Water quality monitoring staff collect
samples from the lake to tap.

The Southern Nevada Water Authority (SNWA) Water Quality Laboratory and Applied Research & Development Center houses one of the most sophisticated municipal water quality laboratory complexes in the world. Its main goal is to verify that water delivered to Southern Nevada's municipal customers meets the requirements of the Safe Drinking Water Act.

It's not enough to test the water at the treatment plant.
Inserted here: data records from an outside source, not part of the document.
section \<open>Intuitionistic predicate logic with equality, plus DE (natural deduction)\<close>

inductive deriv_DE :: "('c, 'p) fm list \<Rightarrow> ('c, 'p) fm \<Rightarrow> bool" (infix "\<turnstile>\<^sub>D\<^sub>E" 50) where
  Assm:  "A \<in> set \<Gamma> \<Longrightarrow> \<Gamma> \<turnstile>\<^sub>D\<^sub>E A"
| BotE:  "\<Gamma> \<turnstile>\<^sub>D\<^sub>E Bot \<Longrightarrow> \<Gamma> \<turnstile>\<^sub>D\<^sub>E A"
| AndI:  "\<Gamma> \<turnstile>\<^sub>D\<^sub>E A \<Longrightarrow> \<Gamma> \<turnstile>\<^sub>D\<^sub>E B \<Longrightarrow> \<Gamma> \<turnstile>\<^sub>D\<^sub>E And A B"
| AndE1: "\<Gamma> \<turnstile>\<^sub>D\<^sub>E And A B \<Longrightarrow> \<Gamma> \<turnstile>\<^sub>D\<^sub>E A"
| AndE2: "\<Gamma> \<turnstile>\<^sub>D\<^sub>E And A B \<Longrightarrow> \<Gamma> \<turnstile>\<^sub>D\<^sub>E B"
| OrI1:  "\<Gamma> \<turnstile>\<^sub>D\<^sub>E A \<Longrightarrow> \<Gamma> \<turnstile>\<^sub>D\<^sub>E Or A B"
| OrI2:  "\<Gamma> \<turnstile>\<^sub>D\<^sub>E B \<Longrightarrow> \<Gamma> \<turnstile>\<^sub>D\<^sub>E Or A B"
| OrE:   "\<Gamma> \<turnstile>\<^sub>D\<^sub>E Or A B \<Longrightarrow> (A # \<Gamma>) \<turnstile>\<^sub>D\<^sub>E C \<Longrightarrow> (B # \<Gamma>) \<turnstile>\<^sub>D\<^sub>E C \<Longrightarrow> \<Gamma> \<turnstile>\<^sub>D\<^sub>E C"
| ImpI:  "(A # \<Gamma>) \<turnstile>\<^sub>D\<^sub>E B \<Longrightarrow> \<Gamma> \<turnstile>\<^sub>D\<^sub>E Imp A B"
| ImpE:  "\<Gamma> \<turnstile>\<^sub>D\<^sub>E Imp A B \<Longrightarrow> \<Gamma> \<turnstile>\<^sub>D\<^sub>E A \<Longrightarrow> \<Gamma> \<turnstile>\<^sub>D\<^sub>E B"
| AllI:  "map (lift_fm 0) \<Gamma> \<turnstile>\<^sub>D\<^sub>E A \<Longrightarrow> \<Gamma> \<turnstile>\<^sub>D\<^sub>E All A"
| AllE:  "\<Gamma> \<turnstile>\<^sub>D\<^sub>E All A \<Longrightarrow> \<Gamma> \<turnstile>\<^sub>D\<^sub>E inst A t"
| ExI:   "\<Gamma> \<turnstile>\<^sub>D\<^sub>E inst A t \<Longrightarrow> \<Gamma> \<turnstile>\<^sub>D\<^sub>E Ex A"
| ExE:   "\<Gamma> \<turnstile>\<^sub>D\<^sub>E Ex A \<Longrightarrow> (A # map (lift_fm 0) \<Gamma>) \<turnstile>\<^sub>D\<^sub>E lift_fm 0 B \<Longrightarrow> \<Gamma> \<turnstile>\<^sub>D\<^sub>E B"
| Refl:  "\<Gamma> \<turnstile>\<^sub>D\<^sub>E Eq t t"
| EqSubst: "\<Gamma> \<turnstile>\<^sub>D\<^sub>E Eq s t \<Longrightarrow> \<Gamma> \<turnstile>\<^sub>D\<^sub>E inst A s \<Longrightarrow> \<Gamma> \<turnstile>\<^sub>D\<^sub>E inst A t"
| DE:    "\<Gamma> \<turnstile>\<^sub>D\<^sub>E Or (Eq s t) (Neg (Eq s t))"

fun qfree :: "('c, 'p) fm \<Rightarrow> bool" where
  "qfree (All A) = False"
| "qfree (Ex A) = False"
| "qfree (And A B) = (qfree A \<and> qfree B)"
| "qfree (Or A B) = (qfree A \<and> qfree B)"
| "qfree (Imp A B) = (qfree A \<and> qfree B)"
| "qfree _ = True"

text \<open>Quantifier prefix (True = forall, False = exists; outermost first) and matrix.
In the matrix of Q1 x1 ... Qn xn M, variable x_i is de Bruijn index n - i.\<close>
fun strip :: "('c, 'p) fm \<Rightarrow> bool list \<times> ('c, 'p) fm" where
  "strip (All A) = (let (qs, M) = strip A in (True # qs, M))"
| "strip (Ex A) = (let (qs, M) = strip A in (False # qs, M))"
| "strip A = ([], A)"

definition prenex :: "('c, 'p) fm \<Rightarrow> bool" where
  "prenex F = qfree (snd (strip F))"

definition sentence :: "('c, 'p) fm \<Rightarrow> bool" where
  "sentence F = (fv F = {})"

fun RV_atom_trm :: "'c trm \<Rightarrow> 'c trm \<Rightarrow> nat set" where
  "RV_atom_trm (Var i) (Var j) = {}"
| "RV_atom_trm s t = vars_trm s \<union> vars_trm t"

fun RV :: "('c, 'p) fm \<Rightarrow> nat set" where
  "RV Bot = {}"
| "RV (Eq s t) = RV_atom_trm s t"
| "RV (Pred p ts) = (\<Union>t\<in>set ts. vars_trm t)"
| "RV (And G H) = RV G \<union> RV H"
| "RV (Or G H) = RV G \<inter> RV H"
| "RV (Imp G H) = {}"
| "RV (All A) = {}"
| "RV (Ex A) = {}"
The laboratory water quality monitoring staff collects samples from the lake to the tap. We take samples from the following sources:

  • Neighborhood sampling stations
  • Lake Mead
  • Groundwater wells, reservoirs and other locations

Biological Contaminants

The Microbiology Laboratory focuses on biological contaminants, such as bacteria, viruses and algae. Lake Mead, like most water sources, is a living ecosystem of which these microorganisms are a natural part. The Microbiology Lab staff ensures that these potentially harmful organisms aren't present in the treated water supply. Our microbiologists go beyond state and federal monitoring requirements to look for potentially harmful organisms, maximizing protections for our customers.

Chemical Contaminants

The Chemistry Laboratory has three areas of specialty:

  1. Metals: Acceptable concentrations of metals, such as lead, copper and arsenic are strictly limited by state and federal law.
  2. Organic compounds: These include potential chemicals such as methyl tertiary butyl ether—the gasoline additive commonly known as MTBE—and common household compounds such as paint solvent.
  3. Inorganic compounds: Substances such as perchlorate, phosphates and nitrate are tracked.

Certified Accuracy

The SNWA Laboratories are certified by the Nevada Division of Environmental Protection. Additionally, the Microbiology Laboratory is among the few municipal facilities certified by the Environmental Protection Agency for cryptosporidium and giardia detection. Staff members are constantly reviewing drinking water regulations to anticipate changes to contaminant limits, testing requirements and analytical methods.

The Science Behind Your Drinking Water

Municipal water quality is far better than it was a half century ago, when few gave water quality any thought. Improved treatment methods such as ozone and ultraviolet disinfection have dramatically reduced the number of waterborne pathogens, reducing water related illness.

Pollution controls have become increasingly stringent during the past three decades, reducing the amount of contaminants that make their way into water supplies. Scientists' ability to detect contaminants at remarkably low concentrations has changed the way customers define "water quality."

From comprehensive water quality testing programs to innovative projects designed to explore new treatment technologies, we are committed to improving both water quality and water-treatment methods.